(Beginning of Information shown)

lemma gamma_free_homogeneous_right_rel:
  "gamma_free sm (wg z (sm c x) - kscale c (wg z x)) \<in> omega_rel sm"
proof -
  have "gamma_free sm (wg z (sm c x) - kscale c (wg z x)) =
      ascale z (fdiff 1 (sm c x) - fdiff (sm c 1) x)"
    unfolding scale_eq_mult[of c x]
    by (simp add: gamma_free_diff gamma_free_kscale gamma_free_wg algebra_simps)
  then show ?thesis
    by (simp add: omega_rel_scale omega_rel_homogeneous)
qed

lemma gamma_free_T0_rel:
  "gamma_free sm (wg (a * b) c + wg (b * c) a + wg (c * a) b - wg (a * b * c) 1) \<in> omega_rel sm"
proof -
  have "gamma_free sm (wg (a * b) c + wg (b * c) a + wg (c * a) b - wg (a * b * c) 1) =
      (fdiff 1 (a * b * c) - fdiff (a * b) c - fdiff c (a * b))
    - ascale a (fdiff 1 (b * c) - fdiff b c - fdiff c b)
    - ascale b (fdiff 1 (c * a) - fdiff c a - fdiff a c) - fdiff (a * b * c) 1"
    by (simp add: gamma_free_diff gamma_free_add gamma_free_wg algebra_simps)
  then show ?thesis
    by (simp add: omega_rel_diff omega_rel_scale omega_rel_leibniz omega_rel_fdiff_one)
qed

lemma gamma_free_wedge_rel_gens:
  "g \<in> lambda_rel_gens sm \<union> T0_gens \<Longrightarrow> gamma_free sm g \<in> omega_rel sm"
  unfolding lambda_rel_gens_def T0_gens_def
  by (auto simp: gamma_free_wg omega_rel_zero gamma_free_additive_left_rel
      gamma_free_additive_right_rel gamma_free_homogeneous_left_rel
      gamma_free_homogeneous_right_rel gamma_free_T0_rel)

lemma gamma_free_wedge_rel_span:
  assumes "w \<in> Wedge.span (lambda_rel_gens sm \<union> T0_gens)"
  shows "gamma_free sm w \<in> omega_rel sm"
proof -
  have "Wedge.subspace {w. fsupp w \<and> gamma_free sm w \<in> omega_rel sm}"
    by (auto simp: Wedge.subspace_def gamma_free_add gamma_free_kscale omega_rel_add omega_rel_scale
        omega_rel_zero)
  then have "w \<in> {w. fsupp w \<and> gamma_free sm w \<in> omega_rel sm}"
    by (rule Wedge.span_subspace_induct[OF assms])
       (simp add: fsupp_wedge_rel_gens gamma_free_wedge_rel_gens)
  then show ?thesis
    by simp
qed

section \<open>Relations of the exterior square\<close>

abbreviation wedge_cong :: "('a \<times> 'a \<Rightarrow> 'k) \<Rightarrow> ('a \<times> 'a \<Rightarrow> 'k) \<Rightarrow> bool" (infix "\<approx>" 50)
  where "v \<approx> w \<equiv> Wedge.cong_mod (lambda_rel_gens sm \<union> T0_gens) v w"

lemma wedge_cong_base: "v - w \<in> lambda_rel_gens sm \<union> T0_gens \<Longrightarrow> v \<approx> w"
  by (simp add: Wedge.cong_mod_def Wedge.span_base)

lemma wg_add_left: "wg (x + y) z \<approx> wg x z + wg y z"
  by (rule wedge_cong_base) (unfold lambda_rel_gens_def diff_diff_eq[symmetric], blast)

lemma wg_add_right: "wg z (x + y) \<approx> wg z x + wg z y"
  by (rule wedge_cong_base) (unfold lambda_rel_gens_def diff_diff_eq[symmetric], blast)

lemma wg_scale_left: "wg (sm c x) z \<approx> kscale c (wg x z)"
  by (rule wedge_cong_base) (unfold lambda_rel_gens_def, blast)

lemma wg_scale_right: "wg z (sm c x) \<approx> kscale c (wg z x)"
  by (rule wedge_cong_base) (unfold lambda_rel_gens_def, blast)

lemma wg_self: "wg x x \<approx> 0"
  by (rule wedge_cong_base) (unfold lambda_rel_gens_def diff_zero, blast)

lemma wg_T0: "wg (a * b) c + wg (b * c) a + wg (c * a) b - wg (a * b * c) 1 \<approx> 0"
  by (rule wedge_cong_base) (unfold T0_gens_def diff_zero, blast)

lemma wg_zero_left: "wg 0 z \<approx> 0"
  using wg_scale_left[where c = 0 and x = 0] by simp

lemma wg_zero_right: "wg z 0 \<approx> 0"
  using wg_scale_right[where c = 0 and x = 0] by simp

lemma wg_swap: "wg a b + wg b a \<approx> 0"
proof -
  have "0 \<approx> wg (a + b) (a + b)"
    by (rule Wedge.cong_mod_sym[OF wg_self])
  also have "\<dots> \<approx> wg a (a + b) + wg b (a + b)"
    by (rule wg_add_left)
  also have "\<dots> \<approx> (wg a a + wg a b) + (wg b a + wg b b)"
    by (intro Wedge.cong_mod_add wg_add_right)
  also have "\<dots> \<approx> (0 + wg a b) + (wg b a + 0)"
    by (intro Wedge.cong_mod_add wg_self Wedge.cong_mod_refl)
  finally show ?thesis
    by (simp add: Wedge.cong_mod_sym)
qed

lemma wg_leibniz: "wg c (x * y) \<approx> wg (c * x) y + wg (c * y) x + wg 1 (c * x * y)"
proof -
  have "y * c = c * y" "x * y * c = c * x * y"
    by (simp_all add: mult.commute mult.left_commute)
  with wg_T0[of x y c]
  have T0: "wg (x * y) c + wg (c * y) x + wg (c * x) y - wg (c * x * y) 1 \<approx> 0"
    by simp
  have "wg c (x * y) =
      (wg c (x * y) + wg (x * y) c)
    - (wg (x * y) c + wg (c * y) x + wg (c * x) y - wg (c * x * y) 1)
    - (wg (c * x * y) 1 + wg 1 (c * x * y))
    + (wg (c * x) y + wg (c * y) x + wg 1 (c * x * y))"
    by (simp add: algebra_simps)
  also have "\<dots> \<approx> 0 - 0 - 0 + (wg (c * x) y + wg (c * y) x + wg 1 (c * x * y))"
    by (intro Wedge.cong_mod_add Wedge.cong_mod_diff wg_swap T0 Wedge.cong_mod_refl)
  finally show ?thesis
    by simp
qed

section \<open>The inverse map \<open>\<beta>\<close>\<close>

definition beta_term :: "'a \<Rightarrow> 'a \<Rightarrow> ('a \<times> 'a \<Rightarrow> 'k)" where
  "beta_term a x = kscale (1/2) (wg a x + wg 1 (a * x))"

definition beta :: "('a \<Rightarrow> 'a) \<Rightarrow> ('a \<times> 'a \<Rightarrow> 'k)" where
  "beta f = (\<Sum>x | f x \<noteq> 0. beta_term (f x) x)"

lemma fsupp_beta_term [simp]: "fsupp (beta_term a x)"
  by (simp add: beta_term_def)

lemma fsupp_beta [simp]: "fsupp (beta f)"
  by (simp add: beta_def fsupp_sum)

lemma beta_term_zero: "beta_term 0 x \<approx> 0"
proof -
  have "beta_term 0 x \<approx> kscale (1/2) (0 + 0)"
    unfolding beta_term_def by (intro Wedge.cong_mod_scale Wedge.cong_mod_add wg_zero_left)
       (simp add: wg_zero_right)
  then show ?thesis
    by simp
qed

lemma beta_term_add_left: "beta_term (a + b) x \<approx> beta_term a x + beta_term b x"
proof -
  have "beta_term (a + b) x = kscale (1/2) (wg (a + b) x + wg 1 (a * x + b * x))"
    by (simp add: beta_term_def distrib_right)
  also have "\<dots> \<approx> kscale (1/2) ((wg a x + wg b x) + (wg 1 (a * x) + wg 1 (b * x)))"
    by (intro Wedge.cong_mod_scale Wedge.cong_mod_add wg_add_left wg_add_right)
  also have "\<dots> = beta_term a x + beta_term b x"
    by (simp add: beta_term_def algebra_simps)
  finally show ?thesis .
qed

(End of Information shown)
(Beginning of Information shown)

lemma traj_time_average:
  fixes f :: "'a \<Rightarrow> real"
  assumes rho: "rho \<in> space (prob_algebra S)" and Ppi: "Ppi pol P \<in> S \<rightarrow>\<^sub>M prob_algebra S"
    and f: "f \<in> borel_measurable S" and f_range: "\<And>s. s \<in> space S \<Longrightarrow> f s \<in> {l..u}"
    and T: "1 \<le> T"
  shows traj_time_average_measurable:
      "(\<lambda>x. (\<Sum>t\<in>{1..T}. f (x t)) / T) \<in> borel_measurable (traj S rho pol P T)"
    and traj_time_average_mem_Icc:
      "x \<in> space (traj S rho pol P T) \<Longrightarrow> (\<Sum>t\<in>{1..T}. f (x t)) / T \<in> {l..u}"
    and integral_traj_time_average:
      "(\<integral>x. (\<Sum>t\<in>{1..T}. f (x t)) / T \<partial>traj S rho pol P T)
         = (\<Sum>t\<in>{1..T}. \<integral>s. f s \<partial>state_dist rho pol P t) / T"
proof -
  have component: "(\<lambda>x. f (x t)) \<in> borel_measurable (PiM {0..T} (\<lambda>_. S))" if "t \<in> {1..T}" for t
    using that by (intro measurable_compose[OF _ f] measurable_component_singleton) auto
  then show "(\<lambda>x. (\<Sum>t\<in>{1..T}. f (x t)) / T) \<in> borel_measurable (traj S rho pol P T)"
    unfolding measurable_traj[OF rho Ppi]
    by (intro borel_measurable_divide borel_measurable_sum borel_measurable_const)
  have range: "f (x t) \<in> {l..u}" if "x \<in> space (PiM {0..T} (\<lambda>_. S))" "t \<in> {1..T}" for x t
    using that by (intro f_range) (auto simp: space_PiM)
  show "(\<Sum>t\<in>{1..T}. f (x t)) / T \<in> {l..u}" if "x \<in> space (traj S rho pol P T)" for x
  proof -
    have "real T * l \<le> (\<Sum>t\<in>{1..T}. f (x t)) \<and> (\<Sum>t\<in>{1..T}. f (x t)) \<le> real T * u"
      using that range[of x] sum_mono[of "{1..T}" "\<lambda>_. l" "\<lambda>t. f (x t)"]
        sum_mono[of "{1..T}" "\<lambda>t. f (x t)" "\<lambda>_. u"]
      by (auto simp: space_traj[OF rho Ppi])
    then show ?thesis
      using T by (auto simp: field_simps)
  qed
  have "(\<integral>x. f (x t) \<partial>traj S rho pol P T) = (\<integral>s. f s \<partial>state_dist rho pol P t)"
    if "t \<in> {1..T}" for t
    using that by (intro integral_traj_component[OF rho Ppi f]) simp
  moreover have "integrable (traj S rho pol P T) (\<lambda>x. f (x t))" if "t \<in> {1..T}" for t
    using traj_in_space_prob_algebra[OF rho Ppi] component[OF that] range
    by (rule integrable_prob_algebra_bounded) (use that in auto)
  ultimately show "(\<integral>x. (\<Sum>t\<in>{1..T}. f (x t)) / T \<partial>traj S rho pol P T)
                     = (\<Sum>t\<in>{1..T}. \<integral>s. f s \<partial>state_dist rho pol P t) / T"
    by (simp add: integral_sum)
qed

(End of Information shown)

Problem to work on ▸ Of the entries above, repeat exactly the lines from the line with "unfolding beta_term_def by" through the line with "by (simp add: beta_term_def distrib_right)", both of them included.

Result for this exercise ▸
    unfolding beta_term_def by (intro Wedge.cong_mod_scale Wedge.cong_mod_add wg_zero_left)
       (simp add: wg_zero_right)
  then show ?thesis
    by simp
qed

lemma beta_term_add_left: "beta_term (a + b) x \<approx> beta_term a x + beta_term b x"
proof -
  have "beta_term (a + b) x = kscale (1/2) (wg (a + b) x + wg 1 (a * x + b * x))"
    by (simp add: beta_term_def distrib_right)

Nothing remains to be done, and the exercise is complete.